Task objective: Restate word for word the entries below, starting with the line with "define W where" and continuing through the line with "(rdiag (\<lambda>i. e". Include both of those lines and no others.

**** Data extracts

(* Let $0<\alpha<1$ and $p,q>0$. If $\mathrm{Tr}\,SG_{\alpha,p}(A,B)\le\mathrm{Tr}\,\mathcal{A}_{\alpha,q}(A,B)$ holds for all positive definite $2\times2$ matrices $A,B$, then $\min\{1,p/2\}\le q$.
   Context: For positive definite $A,B$: $A\#B:=A^{1/2}(A^{-1/2}BA^{-1/2})^{1/2}A^{1/2}$; $F_\alpha(A,B):=(A^{-1}\#B)^\alpha A(A^{-1}\#B)^\alpha$; $SG_{\alpha,p}(A,B):=F_\alpha(A^p,B^p)^{1/p}$; $\mathcal{A}_{\alpha,q}(A,B):=((1-\alpha)A^q+\alpha B^q)^{1/q}$. $\mathrm{Tr}$ is the usual trace. *)

theory Defs
  imports "HOL-Analysis.Analysis" "HOL-Library.Numeral_Type"
begin

definition cadj :: "complex^'n^'n \<Rightarrow> complex^'n^'n" where
  "cadj A = (\<chi> i j. cnj (A $ j $ i))"

definition posdef :: "complex^'n^'n \<Rightarrow> bool" where
  "posdef A \<longleftrightarrow> cadj A = A \<and>
     (\<forall>x::complex^'n. x \<noteq> 0 \<longrightarrow> 0 < Re (\<Sum>i\<in>UNIV. cnj (x $ i) * (A *v x) $ i))"

definition unitary :: "complex^'n^'n \<Rightarrow> bool" where
  "unitary U \<longleftrightarrow> U ** cadj U = mat 1 \<and> cadj U ** U = mat 1"

definition rdiag :: "('n \<Rightarrow> real) \<Rightarrow> complex^'n^'n" where
  "rdiag d = (\<chi> i j. if i = j then complex_of_real (d i) else 0)"

definition mpow :: "complex^'n^'n \<Rightarrow> real \<Rightarrow> complex^'n^'n" where
  "mpow A r = (SOME B. \<exists>U d. unitary U \<and> (\<forall>i. 0 < d i) \<and>
       A = U ** rdiag d ** cadj U \<and> B = U ** rdiag (\<lambda>i. d i powr r) ** cadj U)"

definition gmean :: "complex^'n^'n \<Rightarrow> complex^'n^'n \<Rightarrow> complex^'n^'n" where
  "gmean A B = mpow A (1/2) ** mpow (mpow A (-1/2) ** B ** mpow A (-1/2)) (1/2) ** mpow A (1/2)"

definition Falpha :: "real \<Rightarrow> complex^'n^'n \<Rightarrow> complex^'n^'n \<Rightarrow> complex^'n^'n" where
  "Falpha \<alpha> A B = mpow (gmean (matrix_inv A) B) \<alpha> ** A ** mpow (gmean (matrix_inv A) B) \<alpha>"

definition SG :: "real \<Rightarrow> real \<Rightarrow> complex^'n^'n \<Rightarrow> complex^'n^'n \<Rightarrow> complex^'n^'n" where
  "SG \<alpha> p A B = mpow (Falpha \<alpha> (mpow A p) (mpow B p)) (1/p)"

definition AM :: "real \<Rightarrow> real \<Rightarrow> complex^'n^'n \<Rightarrow> complex^'n^'n \<Rightarrow> complex^'n^'n" where
  "AM \<alpha> q A B = mpow ((1 - \<alpha>) *\<^sub>R mpow A q + \<alpha> *\<^sub>R mpow B q) (1/q)"

end

theory Submission
  imports Defs "HOL-Real_Asymp.Real_Asymp"
begin

text \<open>Take \<open>A = diag(1, e)\<close> and \<open>B = R diag(1, e) R\<^sup>T\<close>, where the rotation \<open>R\<close> has first column
  \<open>(sech l, tanh l)\<close>, and let \<open>e \<rightarrow> 0\<close>. For \<open>2\<times>2\<close> matrices everything is explicit: real powers are
  affine in the matrix, square roots are given by \<open>(M + sqrt(det M) I) / sqrt(tr M + 2 sqrt(det M))\<close>,
  and \<open>A\<^sup>-\<^sup>p # B\<^sup>p\<close> has determinant 1. Hence \<open>Tr SG\<^sub>\<alpha>\<^sub>,\<^sub>p(A, B)\<close> tends to
  \<open>(cosh((2\<alpha>-1) l) / cosh l)\<^sup>1\<^sup>/\<^sup>p\<close>, while \<open>Tr \<A>\<^sub>\<alpha>\<^sub>,\<^sub>q(A, B)\<close> tends to \<open>\<lambda>\<^sub>+\<^sup>1\<^sup>/\<^sup>q + \<lambda>\<^sub>-\<^sup>1\<^sup>/\<^sup>q\<close>
  for the eigenvalues \<open>\<lambda>\<^sub>\<plusminus>\<close> of a matrix with trace 1 and determinant \<open>\<alpha>(1-\<alpha>) tanh\<^sup>2 l\<close>.
  If \<open>q < 1\<close>, comparing the \<open>l\<^sup>2\<close>-terms of both limits as \<open>l \<rightarrow> 0\<close> gives \<open>p \<le> 2q\<close>.\<close>

section \<open>Functional calculus of unitarily diagonalised matrices\<close>

lemma matrix_mul_rdiag_nth: "(X ** rdiag f) $ i $ j = X $ i $ j * complex_of_real (f j)"
  by (simp add: matrix_matrix_mult_def rdiag_def if_distrib[where f="\<lambda>x. _ * x"]
      cong: if_cong)

lemma rdiag_matrix_mul_nth: "(rdiag f ** X) $ i $ j = complex_of_real (f i) * X $ i $ j"
  by (simp add: matrix_matrix_mult_def rdiag_def if_distrib[where f="\<lambda>x. x * _"]
      cong: if_cong)

lemma rdiag_mult: "rdiag f ** rdiag g = rdiag (\<lambda>i. f i * g i)"
  by (simp add: vec_eq_iff matrix_mul_rdiag_nth) (simp add: rdiag_def)

text \<open>\<open>W = V\<^sup>* U\<close> satisfies \<open>W diag(d) = diag(e) W\<close>, so \<open>W\<^sub>i\<^sub>j \<noteq> 0\<close> forces \<open>d\<^sub>j = e\<^sub>i\<close>;
  hence \<open>W\<close> also intertwines the powers. This makes \<open>mpow\<close> independent of the chosen
  diagonalisation.\<close>
lemma conj_rdiag_powr_eq:
  fixes U V :: "complex^'n^'n"
  assumes U: "unitary U" and V: "unitary V"
    and eq: "U ** rdiag d ** cadj U = V ** rdiag e ** cadj V"
  shows "U ** rdiag (\<lambda>i. d i powr r) ** cadj U = V ** rdiag (\<lambda>i. e i powr r) ** cadj V"
proof -
  define W where "W = cadj V ** U"
  have UU: "U ** cadj U = mat 1" "cadj U ** U = mat 1"
    and VV: "V ** cadj V = mat 1" "cadj V ** V = mat 1"
    using U V by (auto simp: unitary_def)
  have VV': "cadj V ** (V ** X) = X" "V ** (cadj V ** X) = X" for X :: "complex^'n^'n"
    by (simp_all add: matrix_mul_assoc VV)
  have "W ** rdiag d = cadj V ** (U ** rdiag d ** cadj U) ** U"
    by (simp add: W_def matrix_mul_assoc[symmetric] UU)
  also have "\<dots> = rdiag e ** W"
    unfolding eq by (simp add: W_def matrix_mul_assoc[symmetric] VV')
  finally have WD: "W ** rdiag d = rdiag e ** W" .
  have WDr: "W ** rdiag (\<lambda>i. d i powr r) = rdiag (\<lambda>i. e i powr r) ** W"
  proof (rule vec_eq_iff[THEN iffD2, OF allI], rule vec_eq_iff[THEN iffD2, OF allI])
    fix i j
    have "W $ i $ j * complex_of_real (d j) = complex_of_real (e i) * W $ i $ j"
      using arg_cong[OF WD, of "\<lambda>X. X $ i $ j"] by (simp add: matrix_mul_rdiag_nth rdiag_matrix_mul_nth)
    then have "W $ i $ j = 0 \<or> d j = e i"
      by (auto simp: mult.commute)
    then show "(W ** rdiag (\<lambda>i. d i powr r)) $ i $ j = (rdiag (\<lambda>i. e i powr r) ** W) $ i $ j"
      by (auto simp: matrix_mul_rdiag_nth rdiag_matrix_mul_nth mult.commute)
  qed
  have "U ** rdiag (\<lambda>i. d i powr r) ** cadj U = V ** (W ** rdiag (\<lambda>i. d i powr r)) ** cadj U"
    by (simp add: W_def matrix_mul_assoc[symmetric] VV')
  also have "\<dots> = V ** rdiag (\<lambda>i. e i powr r) ** (W ** cadj U)"
    by (simp add: WDr matrix_mul_assoc)
  also have "W ** cadj U = cadj V"
    by (simp add: W_def matrix_mul_assoc[symmetric] UU)
  finally show ?thesis .
qed

lemma mpow_eqI:
  fixes U :: "complex^'n^'n"
  assumes U: "unitary U" and d: "\<forall>i. 0 < d i" and M: "M = U ** rdiag d ** cadj U"
  shows "mpow M r = U ** rdiag (\<lambda>i. d i powr r) ** cadj U"
proof -
  let ?P = "\<lambda>B. \<exists>U d. unitary U \<and> (\<forall>i. 0 < d i) \<and>
       M = U ** rdiag d ** cadj U \<and> B = U ** rdiag (\<lambda>i. d i powr r) ** cadj U"
  have "?P (mpow M r)"
    unfolding mpow_def by (rule someI[of ?P]) (use assms in blast)
  then obtain V e where "unitary V" "M = V ** rdiag e ** cadj V"
    and "mpow M r = V ** rdiag (\<lambda>i. e i powr r) ** cadj V"
    by blast
  with U M show ?thesis
    using conj_rdiag_powr_eq by metis
qed

lemma mpow_mult_mpow:
  fixes U :: "complex^'n^'n"
  assumes U: "unitary U" and d: "\<forall>i. 0 < d i" and M: "M = U ** rdiag d ** cadj U"
  shows "mpow M r ** mpow M s = mpow M (r + s)"
proof -
  have "cadj U ** U = mat 1" using U by (simp add: unitary_def)
  then have "mpow M r ** mpow M s = U ** (rdiag (\<lambda>i. d i powr r) ** rdiag (\<lambda>i. d i powr s)) ** cadj U"
    by (simp add: mpow_eqI[OF assms] matrix_mul_assoc) (simp add: matrix_mul_assoc[symmetric])
  also have "\<dots> = mpow M (r + s)"
    using d by (simp add: mpow_eqI[OF assms] rdiag_mult powr_add)
  finally show ?thesis .
qed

********

Response area:
  define W where "W = cadj V ** U"
  have UU: "U ** cadj U = mat 1" "cadj U ** U = mat 1"
    and VV: "V ** cadj V = mat 1" "cadj V ** V = mat 1"
    using U V by (auto simp: unitary_def)
  have VV': "cadj V ** (V ** X) = X" "V ** (cadj V ** X) = X" for X :: "complex^'n^'n"
    by (simp_all add: matrix_mul_assoc VV)
  have "W ** rdiag d = cadj V ** (U ** rdiag d ** cadj U) ** U"
    by (simp add: W_def matrix_mul_assoc[symmetric] UU)
  also have "\<dots> = rdiag e ** W"
    unfolding eq by (simp add: W_def matrix_mul_assoc[symmetric] VV')
  finally have WD: "W ** rdiag d = rdiag e ** W" .
  have WDr: "W ** rdiag (\<lambda>i. d i powr r) = rdiag (\<lambda>i. e i powr r) ** W"
  proof (rule vec_eq_iff[THEN iffD2, OF allI], rule vec_eq_iff[THEN iffD2, OF allI])
    fix i j
    have "W $ i $ j * complex_of_real (d j) = complex_of_real (e i) * W $ i $ j"
      using arg_cong[OF WD, of "\<lambda>X. X $ i $ j"] by (simp add: matrix_mul_rdiag_nth rdiag_matrix_mul_nth)
    then have "W $ i $ j = 0 \<or> d j = e i"
      by (auto simp: mult.commute)
    then show "(W ** rdiag (\<lambda>i. d i powr r)) $ i $ j = (rdiag (\<lambda>i. e i powr r) ** W) $ i $ j"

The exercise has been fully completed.